Copy down all of the data underneath, exactly as shown.

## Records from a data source
■ ■ ■ ■ ■ ■ ■
lemma finite_candidate_cuts: "finite candidate_cuts"
proof -
  define V where "V = {al. is_vertex (polyhedron_of (sep_constraints a c bidder xs)) al}"
  have scales: "finite {g. least_scale al g}" for al :: "'k \<Rightarrow> real"
  proof (cases "\<exists>g. least_scale al g")
    case True
    then obtain g0 where "least_scale al g0" by blast
    then have "{g. least_scale al g} \<subseteq> {g0}" using least_scale_unique by blast
    then show ?thesis by (rule finite_subset) simp
  qed simp
  have "finite (SIGMA al:V. {g. least_scale al g})"
    by (rule finite_SigmaI) (use finite_vertices[OF finite_sep_constraints] scales in \<open>simp_all add: V_def\<close>)
  moreover have "candidate_cuts \<subseteq> (\<lambda>(al, g). (\<lambda>k. g * al k, g)) ` (SIGMA al:V. {g. least_scale al g})"
    by (auto simp: candidate_cuts_def V_def)
  ultimately show ?thesis by (meson finite_imageI finite_subset)
qed

lemma alg_step_adds_new_cut:
  assumes "alg_step a c b bidder xs cs cs'"
  shows "\<exists>ct\<in>candidate_cuts. ct \<notin> set cs \<and> cs' = cs @ [ct]"
proof -
  obtain xf al g where lt: "welfare < lp_value a c b bidder cs" and xf: "lp_optimal a c b bidder cs xf"
    and al: "sep_solution a c bidder xs xf al" and g: "least_scale al g"
    and cs': "cs' = cs @ [(\<lambda>k. g * al k, g)]"
    using assms by (auto simp: alg_step_def)
  have "0 < welfare" by (rule welfare_pos[OF lt xf])
  \<comment> \<open>the new cut is violated by the current LP optimum \<open>xf\<close>, which satisfies all earlier cuts\<close>
  have "1 < lp_value a c b bidder cs / welfare"
    using lt \<open>0 < welfare\<close> by simp
  also have "\<dots> = (\<Sum>k\<in>UNIV. b k / welfare * xf k)"
    using lp_value_eq[OF xf] by (simp add: sum_divide_distrib)
  also have "\<dots> \<le> (\<Sum>k\<in>UNIV. al k * xf k)"
    using al sep_feasible_scaled_bids[OF \<open>0 < welfare\<close>] unfolding sep_solution_def by blast
  finally have violated: "1 < (\<Sum>k\<in>UNIV. al k * xf k)" .
  have "(\<lambda>k. g * al k, g) \<notin> set cs"
  proof
    assume "(\<lambda>k. g * al k, g) \<in> set cs"
    then obtain l where "l < length cs" "cs ! l = (\<lambda>k. g * al k, g)"
      by (auto simp: in_set_conv_nth)
    then have "g * (\<Sum>k\<in>UNIV. al k * xf k) \<le> g * 1"
      using xf by (auto simp: lp_optimal_def lp_feasible_def sum_distrib_left mult.assoc)
    moreover have "0 < g" using g by (simp add: least_scale_def)
    ultimately show False using violated by simp
  qed
  moreover have "(\<lambda>k. g * al k, g) \<in> candidate_cuts"
    using al g by (auto simp: candidate_cuts_def sep_solution_def sep_feasible_set)
  ultimately show ?thesis using cs' by blast
qed

lemma alg_terminates: "\<not> (\<exists>f. f 0 = [] \<and> (\<forall>n. alg_step a c b bidder xs (f n) (f (Suc n))))"
proof
  assume "\<exists>f. f 0 = [] \<and> (\<forall>n. alg_step a c b bidder xs (f n) (f (Suc n)))"
  then obtain f where f0: "f 0 = []" and steps: "\<And>n. alg_step a c b bidder xs (f n) (f (Suc n))"
    by blast
  have "set (f n) \<subseteq> candidate_cuts \<and> card (set (f n)) = n" for n
  proof (induction n)
    case (Suc n)
    obtain ct where "ct \<in> candidate_cuts" "ct \<notin> set (f n)" "f (Suc n) = f n @ [ct]"
      using alg_step_adds_new_cut[OF steps[of n]] by blast
    then show ?case using Suc.IH by simp
  qed (simp add: f0)
  then have "Suc (card candidate_cuts) \<le> card candidate_cuts"
    using card_mono[OF finite_candidate_cuts] by metis
  then show False by simp
qed

end

theorem proposition6:
  fixes a :: "'k::finite \<Rightarrow> 'j::finite \<Rightarrow> nat" and c :: "'j \<Rightarrow> nat"
    and b :: "'k \<Rightarrow> real" and bidder :: "'k \<Rightarrow> 'i::finite" and xs :: "'k \<Rightarrow> real"
  assumes "\<forall>j. 1 \<le> c j"
    and "\<forall>k j. a k j \<le> c j"
    and "\<forall>k. 0 \<le> b k"
    and "wdp_optimal a c b bidder xs"
  shows "\<not> (\<exists>f. f 0 = [] \<and> (\<forall>n. alg_step a c b bidder xs (f n) (f (Suc n))))
    \<and> (\<forall>cs. (alg_step a c b bidder xs)\<^sup>*\<^sup>* [] cs \<longrightarrow>
            (\<Sum>k\<in>UNIV. b k * xs k) < lp_value a c b bidder cs \<longrightarrow>
            (\<exists>cs'. alg_step a c b bidder xs cs cs'))
    \<and> (\<forall>cs. (alg_step a c b bidder xs)\<^sup>*\<^sup>* [] cs \<longrightarrow>
            \<not> (\<Sum>k\<in>UNIV. b k * xs k) < lp_value a c b bidder cs \<longrightarrow>
            (\<forall>ct\<in>set cs. valid_cut a c bidder xs ct) \<and>
            (\<exists>p q s. qp_optimal a c b bidder xs cs p q s) \<and>
            (\<forall>p q s. qp_optimal a c b bidder xs cs p q s \<longrightarrow>
                      walrasian_eq a c b bidder xs cs p q))"
proof -
  interpret auction a c b bidder xs
    using assms by unfold_locales
  show ?thesis
  proof (intro conjI allI impI)
    show "\<not> (\<exists>f. f 0 = [] \<and> (\<forall>n. alg_step a c b bidder xs (f n) (f (Suc n))))"
      by (rule alg_terminates)
    fix cs assume reach: "reachable cs"
    then show "welfare < lp_value a c b bidder cs \<Longrightarrow> \<exists>cs'. alg_step a c b bidder xs cs cs'"
      by (rule alg_step_exists)
    have cuts: "\<forall>ct\<in>set cs. valid_cut a c bidder xs ct \<and> 1 \<le> snd ct"
      using reachable_cuts[OF reach] .
    then show "\<forall>ct\<in>set cs. valid_cut a c bidder xs ct" by blast
    assume no_gap: "\<not> welfare < lp_value a c b bidder cs"
    have opt: "lp_optimal a c b bidder cs xs" by (rule lp_optimal_xs_if_no_gap[OF reach no_gap])
    then obtain p0 q0 s0 where "qp_feasible a c b bidder xs cs p0 q0 s0"
      using lp_strong_duality by blast
    with cuts show "\<exists>p q s. qp_optimal a c b bidder xs cs p q s"
      using qp_optimal_exists[OF supply_pos] by blast
    fix p q s assume "qp_optimal a c b bidder xs cs p q s"
    then have "qp_feasible a c b bidder xs cs p q s" by (simp add: qp_optimal_def)
    moreover have "lp_feasible a c bidder cs xs" using opt by (simp add: lp_optimal_def)
    ultimately show "walrasian_eq a c b bidder xs cs p q"
      using walrasian_eq_if_qp_feasible[OF xs_feasible] by blast
  qed
qed

end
■ ■ ■ ■ ■ ■ ■
## WRITTEN SOLUTION
lemma finite_candidate_cuts: "finite candidate_cuts"
proof -
  define V where "V = {al. is_vertex (polyhedron_of (sep_constraints a c bidder xs)) al}"
  have scales: "finite {g. least_scale al g}" for al :: "'k \<Rightarrow> real"
  proof (cases "\<exists>g. least_scale al g")
    case True
    then obtain g0 where "least_scale al g0" by blast
    then have "{g. least_scale al g} \<subseteq> {g0}" using least_scale_unique by blast
    then show ?thesis by (rule finite_subset) simp
  qed simp
  have "finite (SIGMA al:V. {g. least_scale al g})"
    by (rule finite_SigmaI) (use finite_vertices[OF finite_sep_constraints] scales in \<open>simp_all add: V_def\<close>)
  moreover have "candidate_cuts \<subseteq> (\<lambda>(al, g). (\<lambda>k. g * al k, g)) ` (SIGMA al:V. {g. least_scale al g})"
    by (auto simp: candidate_cuts_def V_def)
  ultimately show ?thesis by (meson finite_imageI finite_subset)
qed

lemma alg_step_adds_new_cut:
  assumes "alg_step a c b bidder xs cs cs'"
  shows "\<exists>ct\<in>candidate_cuts. ct \<notin> set cs \<and> cs' = cs @ [ct]"
proof -
  obtain xf al g where lt: "welfare < lp_value a c b bidder cs" and xf: "lp_optimal a c b bidder cs xf"
    and al: "sep_solution a c bidder xs xf al" and g: "least_scale al g"
    and cs': "cs' = cs @ [(\<lambda>k. g * al k, g)]"
    using assms by (auto simp: alg_step_def)
  have "0 < welfare" by (rule welfare_pos[OF lt xf])
  \<comment> \<open>the new cut is violated by the current LP optimum \<open>xf\<close>, which satisfies all earlier cuts\<close>
  have "1 < lp_value a c b bidder cs / welfare"
    using lt \<open>0 < welfare\<close> by simp
  also have "\<dots> = (\<Sum>k\<in>UNIV. b k / welfare * xf k)"
    using lp_value_eq[OF xf] by (simp add: sum_divide_distrib)
  also have "\<dots> \<le> (\<Sum>k\<in>UNIV. al k * xf k)"
    using al sep_feasible_scaled_bids[OF \<open>0 < welfare\<close>] unfolding sep_solution_def by blast
  finally have violated: "1 < (\<Sum>k\<in>UNIV. al k * xf k)" .
  have "(\<lambda>k. g * al k, g) \<notin> set cs"
  proof
    assume "(\<lambda>k. g * al k, g) \<in> set cs"
    then obtain l where "l < length cs" "cs ! l = (\<lambda>k. g * al k, g)"
      by (auto simp: in_set_conv_nth)
    then have "g * (\<Sum>k\<in>UNIV. al k * xf k) \<le> g * 1"
      using xf by (auto simp: lp_optimal_def lp_feasible_def sum_distrib_left mult.assoc)
    moreover have "0 < g" using g by (simp add: least_scale_def)
    ultimately show False using violated by simp
  qed
  moreover have "(\<lambda>k. g * al k, g) \<in> candidate_cuts"
    using al g by (auto simp: candidate_cuts_def sep_solution_def sep_feasible_set)
  ultimately show ?thesis using cs' by blast
qed

lemma alg_terminates: "\<not> (\<exists>f. f 0 = [] \<and> (\<forall>n. alg_step a c b bidder xs (f n) (f (Suc n))))"
proof
  assume "\<exists>f. f 0 = [] \<and> (\<forall>n. alg_step a c b bidder xs (f n) (f (Suc n)))"
  then obtain f where f0: "f 0 = []" and steps: "\<And>n. alg_step a c b bidder xs (f n) (f (Suc n))"
    by blast
  have "set (f n) \<subseteq> candidate_cuts \<and> card (set (f n)) = n" for n
  proof (induction n)
    case (Suc n)
    obtain ct where "ct \<in> candidate_cuts" "ct \<notin> set (f n)" "f (Suc n) = f n @ [ct]"
      using alg_step_adds_new_cut[OF steps[of n]] by blast
    then show ?case using Suc.IH by simp
  qed (simp add: f0)
  then have "Suc (card candidate_cuts) \<le> card candidate_cuts"
    using card_mono[OF finite_candidate_cuts] by metis
  then show False by simp
qed

end

theorem proposition6:
  fixes a :: "'k::finite \<Rightarrow> 'j::finite \<Rightarrow> nat" and c :: "'j \<Rightarrow> nat"
    and b :: "'k \<Rightarrow> real" and bidder :: "'k \<Rightarrow> 'i::finite" and xs :: "'k \<Rightarrow> real"
  assumes "\<forall>j. 1 \<le> c j"
    and "\<forall>k j. a k j \<le> c j"
    and "\<forall>k. 0 \<le> b k"
    and "wdp_optimal a c b bidder xs"
  shows "\<not> (\<exists>f. f 0 = [] \<and> (\<forall>n. alg_step a c b bidder xs (f n) (f (Suc n))))
    \<and> (\<forall>cs. (alg_step a c b bidder xs)\<^sup>*\<^sup>* [] cs \<longrightarrow>
            (\<Sum>k\<in>UNIV. b k * xs k) < lp_value a c b bidder cs \<longrightarrow>
            (\<exists>cs'. alg_step a c b bidder xs cs cs'))
    \<and> (\<forall>cs. (alg_step a c b bidder xs)\<^sup>*\<^sup>* [] cs \<longrightarrow>
            \<not> (\<Sum>k\<in>UNIV. b k * xs k) < lp_value a c b bidder cs \<longrightarrow>
            (\<forall>ct\<in>set cs. valid_cut a c bidder xs ct) \<and>
            (\<exists>p q s. qp_optimal a c b bidder xs cs p q s) \<and>
            (\<forall>p q s. qp_optimal a c b bidder xs cs p q s \<longrightarrow>
                      walrasian_eq a c b bidder xs cs p q))"
proof -
  interpret auction a c b bidder xs
    using assms by unfold_locales
  show ?thesis
  proof (intro conjI allI impI)
    show "\<not> (\<exists>f. f 0 = [] \<and> (\<forall>n. alg_step a c b bidder xs (f n) (f (Suc n))))"
      by (rule alg_terminates)
    fix cs assume reach: "reachable cs"
    then show "welfare < lp_value a c b bidder cs \<Longrightarrow> \<exists>cs'. alg_step a c b bidder xs cs cs'"
      by (rule alg_step_exists)
    have cuts: "\<forall>ct\<in>set cs. valid_cut a c bidder xs ct \<and> 1 \<le> snd ct"
      using reachable_cuts[OF reach] .
    then show "\<forall>ct\<in>set cs. valid_cut a c bidder xs ct" by blast
    assume no_gap: "\<not> welfare < lp_value a c b bidder cs"
    have opt: "lp_optimal a c b bidder cs xs" by (rule lp_optimal_xs_if_no_gap[OF reach no_gap])
    then obtain p0 q0 s0 where "qp_feasible a c b bidder xs cs p0 q0 s0"
      using lp_strong_duality by blast
    with cuts show "\<exists>p q s. qp_optimal a c b bidder xs cs p q s"
      using qp_optimal_exists[OF supply_pos] by blast
    fix p q s assume "qp_optimal a c b bidder xs cs p q s"
    then have "qp_feasible a c b bidder xs cs p q s" by (simp add: qp_optimal_def)
    moreover have "lp_feasible a c bidder cs xs" using opt by (simp add: lp_optimal_def)
    ultimately show "walrasian_eq a c b bidder xs cs p q"
      using walrasian_eq_if_qp_feasible[OF xs_feasible] by blast
  qed
qed

end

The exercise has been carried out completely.